Теперь я довольно ясно представляю себе их пропавшего Штиллера: он женственная натура. Ему кажется, что у него нет воли, но она у него есть, иной раз даже в избытке, и он пользуется ею, чтобы не быть самим собой. Личность его несколько расплывчата, отсюда тяга к радикализму. Ум достаточно заурядный и нетренированный, внезапные озарения он предпочитает стабильной интеллигентности, ибо интеллигентность ставит человека перед решениями. Иногда он упрекает себя в трусости и спешит принять решения, которые потом не претворяет в жизнь. Он моралист, как почти все люди, не приемлющие себя. А иногда подвергает себя ненужной опасности, даже смертельной, только бы доказать себе, что он борец. Фантазии у него хоть отбавляй. Из-за повышенной требовательности к себе страдает классическим комплексом неполноценности и чувство своей вины принимает за глубину чувств, даже за религиозность. Он приятный человек, у него есть шарм, не охотник до споров. Но в тех случаях, когда шармом не возьмешь, – замыкается, впадает в уныние. Хочет быть правдивым, а неистребимое желание быть правдивым своего рода лживость – правдоискательство порой граничит с эксгибиционизмом, ибо это стремление раскрыть, обнажить какую-то точку в сознании, какое-то темное пятнышко и быть правдивым, более правдивым, чем все другие люди. Он сам толком не знает, где эта точка, эта дыра, возникающая снова и снова, и пугается, когда ее нет. Он всегда в ожидании и любит неопределенность. Он из тех, кого всюду, где бы он ни находился, преследует мысль, что в другом месте лучше. Он бежит от «сегодня» и от «здесь», по крайней мере, внутренне. Он не терпит лета, как вообще не терпит настоящего, он любит осень, сумерки, меланхолию, его стихия – преходящее.

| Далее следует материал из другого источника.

lemma level_equiv_SigStep:
  assumes "level_equiv P Q"
  shows "Sig_extendible (dom_of P) (fun_of P) \<longleftrightarrow> Sig_extendible (dom_of Q) (fun_of Q)"
    and "level_equiv (SigStep P) (SigStep Q)"
proof -
  have dom: "dom_of P = dom_of Q" and "\<forall>x\<in>dom_of Q. fun_of P x = fun_of Q x"
    using assms unfolding level_equiv_iff by auto
  note cong = Sig_ext_prop_cong[OF this(2)]
  show "Sig_extendible (dom_of P) (fun_of P) \<longleftrightarrow> Sig_extendible (dom_of Q) (fun_of Q)"
    unfolding Sig_extendible_def dom cong(2) ..
  show "level_equiv (SigStep P) (SigStep Q)"
    unfolding level_equiv_iff dom_SigStep fun_SigStep SigFun_def dom cong by simp
qed

section \<open>The hierarchy is increasing\<close>

definition hier_ok :: "'v::lattice set \<Rightarrow> ('v \<Rightarrow> 'e::ordered_ab_group_add) \<Rightarrow> 'i::wellorder \<Rightarrow> bool" where
  "hier_ok L \<phi> \<alpha> \<longleftrightarrow> ok_of (PiH L \<phi> \<alpha>) \<and> ok_of (SigH L \<phi> \<alpha>)"

lemma hier_ok_succ:
  assumes "succ_of \<eta> \<beta>"
  shows "hier_ok L \<phi> \<beta> \<longleftrightarrow> hier_ok L \<phi> \<eta> \<and>
    Pi_extendible (dom_of (SigH L \<phi> \<eta>)) (fun_of (SigH L \<phi> \<eta>)) \<and>
    Sig_extendible (dom_of (PiH L \<phi> \<eta>)) (fun_of (PiH L \<phi> \<eta>))"
  using hier_succ[OF assms, of L \<phi>] by (auto simp: hier_ok_def)
(* Let $n\ge 5$ and let $C_n$ be the cycle with $n$ vertices. Then $C_n$ is not a $3$-threshold graph: there are no real numbers $\theta_1<\theta_2<\theta_3$ and map $r:V(C_n)\to\mathbb{R}$ such that for all distinct vertices $u,v$, $uv$ is an edge if and only if $r(u)+r(v)\in[\theta_1,\theta_2)\cup[\theta_3,\infty)$.
   Context: All graphs are finite and simple. $C_n$ denotes the cycle with $n$ vertices. *)

theory Defs
  imports Complex_Main
begin

definition cycle_adj :: "nat \<Rightarrow> nat \<Rightarrow> nat \<Rightarrow> bool" where
  "cycle_adj n u v \<longleftrightarrow> u < n \<and> v < n \<and> u \<noteq> v \<and> (v = (u + 1) mod n \<or> u = (v + 1) mod n)"

definition three_threshold :: "'a set \<Rightarrow> ('a \<Rightarrow> 'a \<Rightarrow> bool) \<Rightarrow> bool" where
  "three_threshold V E \<longleftrightarrow>
     (\<exists>(t1::real) t2 t3 (r::'a \<Rightarrow> real). t1 < t2 \<and> t2 < t3 \<and>
        (\<forall>u\<in>V. \<forall>v\<in>V. u \<noteq> v \<longrightarrow>
           (E u v \<longleftrightarrow> (t1 \<le> r u + r v \<and> r u + r v < t2) \<or> t3 \<le> r u + r v)))"

end

theory Submission imports Defs begin

text \<open>Rotate the cycle so that vertex 0 carries the minimum rank v0. Since the edge
sum v0 + vm of 0 and its neighbour vm is at least t1, every pair sum compared below
is at least t1: a non-edge then lies in [t2, t3), an edge in [t1, t2) or in
[t3, \<infinity>). Playing non-edges against edges through the ranks shows that one of the
two edges at distance one from vertex 0 lies in the high band [t3, \<infinity>), and a
chain of such comparisons along the path 0, 1, 2, 3, 4 shows that a high edge there
is impossible. For n \<ge> 5 all vertices and pairs involved are distinct; the two
sides of vertex 0 are mirror images.\<close>

definition in_threshold_band :: "real \<Rightarrow> real \<Rightarrow> real \<Rightarrow> real \<Rightarrow> bool" where
  "in_threshold_band t1 t2 t3 x \<longleftrightarrow> (t1 \<le> x \<and> x < t2) \<or> t3 \<le> x"

lemma high_edge_next_to_minimum_impossible:
  fixes t1 t2 t3 v0 v1 v2 v3 v4 vm :: real
  assumes t: "t1 < t2" "t2 < t3"
    and min: "v0 \<le> v1" "v0 \<le> v2" "v0 \<le> v3" "v0 \<le> v4" "v0 \<le> vm"
    and edge: "in_threshold_band t1 t2 t3 (v0 + v1)" "in_threshold_band t1 t2 t3 (v1 + v2)"
      "in_threshold_band t1 t2 t3 (v2 + v3)" "in_threshold_band t1 t2 t3 (v3 + v4)"
      "in_threshold_band t1 t2 t3 (v0 + vm)"
    and non_edge: "\<not> in_threshold_band t1 t2 t3 (v0 + v2)" "\<not> in_threshold_band t1 t2 t3 (v0 + v3)"
      "\<not> in_threshold_band t1 t2 t3 (v1 + v3)" "\<not> in_threshold_band t1 t2 t3 (v1 + v4)"
      "\<not> in_threshold_band t1 t2 t3 (v1 + vm)" "\<not> in_threshold_band t1 t2 t3 (v2 + v4)"
      "\<not> in_threshold_band t1 t2 t3 (v2 + vm)"
    and high: "t3 \<le> v1 + v2"
  shows False
proof -
  note band = in_threshold_band_def
  have vm_low: "t1 \<le> v0 + vm" using edge(5) t unfolding band by auto
  have "v1 + vm < t3" using non_edge(5) t unfolding band by auto
  with vm_low high have "t2 \<le> v0 + v2" using non_edge(1) unfolding band by auto
  then have "t3 \<le> v2 + v3" using min edge(3) unfolding band by auto
  moreover have "v2 + vm < t3" using non_edge(7) t unfolding band by auto
  ultimately have "t2 \<le> v0 + v3" using vm_low non_edge(2) unfolding band by auto
  have v13: "v1 + v3 < t3" using non_edge(3) t unfolding band by auto
  then have "v0 + v1 < t2" using min edge(1) unfolding band by auto
  have "v2 + v4 < t3" using non_edge(6) t unfolding band by auto
  with high v13 have "v3 + v4 < t2" using edge(4) unfolding band by auto
  have "t2 \<le> v1 + v4" using edge(1) min t non_edge(4) unfolding band by auto
  show False
    using \<open>t2 \<le> v0 + v3\<close> \<open>v0 + v1 < t2\<close> \<open>v3 + v4 < t2\<close> \<open>t2 \<le> v1 + v4\<close> by linarith
qed

lemma high_edge_next_to_minimum:
  fixes t1 t2 t3 v0 v1 v2 vm vm2 :: real
  assumes t: "t1 < t2" "t2 < t3"
    and min: "v0 \<le> v1" "v0 \<le> v2" "v0 \<le> vm" "v0 \<le> vm2"
    and edge: "in_threshold_band t1 t2 t3 (v0 + v1)" "in_threshold_band t1 t2 t3 (v1 + v2)"
      "in_threshold_band t1 t2 t3 (v0 + vm)" "in_threshold_band t1 t2 t3 (vm + vm2)"
    and non_edge: "\<not> in_threshold_band t1 t2 t3 (v2 + vm)" "\<not> in_threshold_band t1 t2 t3 (v1 + vm2)"
  shows "t3 \<le> v1 + v2 \<or> t3 \<le> vm + vm2"
proof (rule ccontr)
  note band = in_threshold_band_def
  assume "\<not> ?thesis"
  then have "v1 + v2 < t2" "vm + vm2 < t2" using edge(2,4) unfolding band by auto
  moreover have "t2 \<le> v2 + vm" using edge(3) min t non_edge(1) unfolding band by auto
  moreover have "t2 \<le> v1 + vm2" using edge(1) min t non_edge(2) unfolding band by auto
  ultimately show False by linarith
qed

lemma cycle_adj_iff:
  assumes "a < n" "b < n" "n \<ge> 3"
  shows "cycle_adj n a b \<longleftrightarrow>
    a \<noteq> b \<and> (b = a + 1 \<or> a = b + 1 \<or> (a = n - 1 \<and> b = 0) \<or> (b = n - 1 \<and> a = 0))"
proof -
  have "(x + 1) mod n = (if x + 1 = n then 0 else x + 1)" if "x < n" for x
    using that by (auto simp: mod_if)
  then show ?thesis unfolding cycle_adj_def using assms by auto
qed

lemma cycle_adj_rotate:
  assumes "a < n" "b < n"
  shows "cycle_adj n ((y + a) mod n) ((y + b) mod n) \<longleftrightarrow> cycle_adj n a b"
proof -
  have shift_eq: "(y + b) mod n = (y + c) mod n \<longleftrightarrow> b mod n = c mod n" for b c
    by (simp add: nat_mod_eq_iff)
  have shift_Suc: "((y + a) mod n + 1) mod n = (y + (a + 1)) mod n" for a
    by (simp add: mod_Suc_eq)
  have "((y + b) mod n = ((y + a) mod n + 1) mod n) \<longleftrightarrow> b = (a + 1) mod n"
    if "b < n" for a b
    unfolding shift_Suc shift_eq using that by simp
  then show ?thesis unfolding cycle_adj_def using assms shift_eq[of a b] by auto
qed

lemma three_threshold_cycle_minimum_at_0:
  assumes "three_threshold {0..<n} (cycle_adj n)" "n > 0"
  obtains t1 t2 t3 and q :: "nat \<Rightarrow> real"
  where "t1 < t2" "t2 < t3" "\<And>a. q 0 \<le> q a"
    "\<And>a b. a < n \<Longrightarrow> b < n \<Longrightarrow> a \<noteq> b \<Longrightarrow>
       cycle_adj n a b \<longleftrightarrow> in_threshold_band t1 t2 t3 (q a + q b)"
proof -
  obtain t1 t2 t3 :: real and r :: "nat \<Rightarrow> real" where t: "t1 < t2" "t2 < t3" and
    rep: "\<forall>u\<in>{0..<n}. \<forall>v\<in>{0..<n}. u \<noteq> v \<longrightarrow>
           (cycle_adj n u v \<longleftrightarrow> in_threshold_band t1 t2 t3 (r u + r v))"
    using assms(1) unfolding three_threshold_def in_threshold_band_def by blast
  obtain y where y: "y < n" "\<And>w. w < n \<Longrightarrow> r y \<le> r w"
    using Min_in[of "r ` {0..<n}"] Min_le[of "r ` {0..<n}"] assms(2) by fastforce
  define q where "q a = r ((y + a) mod n)" for a
  have "q 0 \<le> q a" for a unfolding q_def using y assms(2) by simp
  moreover have "cycle_adj n a b \<longleftrightarrow> in_threshold_band t1 t2 t3 (q a + q b)"
    if "a < n" "b < n" "a \<noteq> b" for a b
  proof -
    have "(y + a) mod n = (y + b) mod n \<longleftrightarrow> a mod n = b mod n"
      by (simp add: nat_mod_eq_iff)
    then have "(y + a) mod n \<noteq> (y + b) mod n" using that by simp
    then show ?thesis
      using rep cycle_adj_rotate[OF that(1,2), of y] assms(2) unfolding q_def by auto
  qed
  ultimately show thesis using that t by blast
qed

lemma cycle_no_band_representation_minimum_at_0:
  assumes n: "n \<ge> 5" and t: "t1 < t2" "t2 < t3" and min: "\<And>a. q 0 \<le> q a"
    and rep: "\<And>a b. a < n \<Longrightarrow> b < n \<Longrightarrow> a \<noteq> b \<Longrightarrow>
       cycle_adj n a b \<longleftrightarrow> in_threshold_band t1 t2 t3 (q a + q b)"
  shows False
proof -
  have edge: "in_threshold_band t1 t2 t3 (q a + q b)" if "a < n" "b < n" "a \<noteq> b"
    "b = a + 1 \<or> a = b + 1 \<or> (a = n - 1 \<and> b = 0) \<or> (b = n - 1 \<and> a = 0)" for a b
    using rep[OF that(1-3)] cycle_adj_iff[of a n b] that n by auto
  have non_edge: "\<not> in_threshold_band t1 t2 t3 (q a + q b)" if "a < n" "b < n" "a \<noteq> b"
    "\<not> (b = a + 1 \<or> a = b + 1 \<or> (a = n - 1 \<and> b = 0) \<or> (b = n - 1 \<and> a = 0))" for a b
    using rep[OF that(1-3)] cycle_adj_iff[of a n b] that n by auto
  have "t3 \<le> q 1 + q 2 \<or> t3 \<le> q (n - 1) + q (n - 2)"
    by (rule high_edge_next_to_minimum[OF t min min min min];
        (rule edge | rule non_edge); use n in arith)
  then show False
  proof
    assume high: "t3 \<le> q 1 + q 2"
    show False
      by (rule high_edge_next_to_minimum_impossible[of _ _ _ "q 0" _ _ "q 3" "q 4" "q (n - 1)",
            OF t min min min min min _ _ _ _ _ _ _ _ _ _ _ _ high];
          (rule edge | rule non_edge); use n in arith)
  next
    assume high: "t3 \<le> q (n - 1) + q (n - 2)"
    show False
      by (rule high_edge_next_to_minimum_impossible[of _ _ _ "q 0" _ _ "q (n - 3)" "q (n - 4)" "q 1",
            OF t min min min min min _ _ _ _ _ _ _ _ _ _ _ _ high];
          (rule edge | rule non_edge); use n in arith)
  qed
qed

theorem mainTheorem5:
  fixes n :: nat
  assumes "n \<ge> 5"
  shows "\<not> three_threshold {0..<n} (cycle_adj n)"
proof
  assume "three_threshold {0..<n} (cycle_adj n)"
  then obtain t1 t2 t3 q where "t1 < t2" "t2 < t3" "\<And>a. q 0 \<le> q a"
    "\<And>a b. a < n \<Longrightarrow> b < n \<Longrightarrow> a \<noteq> b \<Longrightarrow>
       cycle_adj n a b \<longleftrightarrow> in_threshold_band t1 t2 t3 (q a + q b)"
    using three_threshold_cycle_minimum_at_0[of n] assms by (metis gr0I not_numeral_le_zero)
  then show False using cycle_no_band_representation_minimum_at_0 assms by blast
qed

end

Женщинам кажется, что он их понимает. С мужчинами он дружит редко. Среди них он не чувствует себя настоящим мужчиной. Но основной его страх – страх собственной неполноценности – заставляет его бояться и женщин. Он берет больше, чем может удержать, но, если партнерша почувствует, где его предел, окончательно теряет мужество. Такой, какой он есть, он не может, не в состоянии быть любимым и потому невольно пренебрегает каждой по-настоящему любящей его женщиной, ибо, поверив в любовь, он будет вынужден поверить в себя, а от этого он бесконечно далек.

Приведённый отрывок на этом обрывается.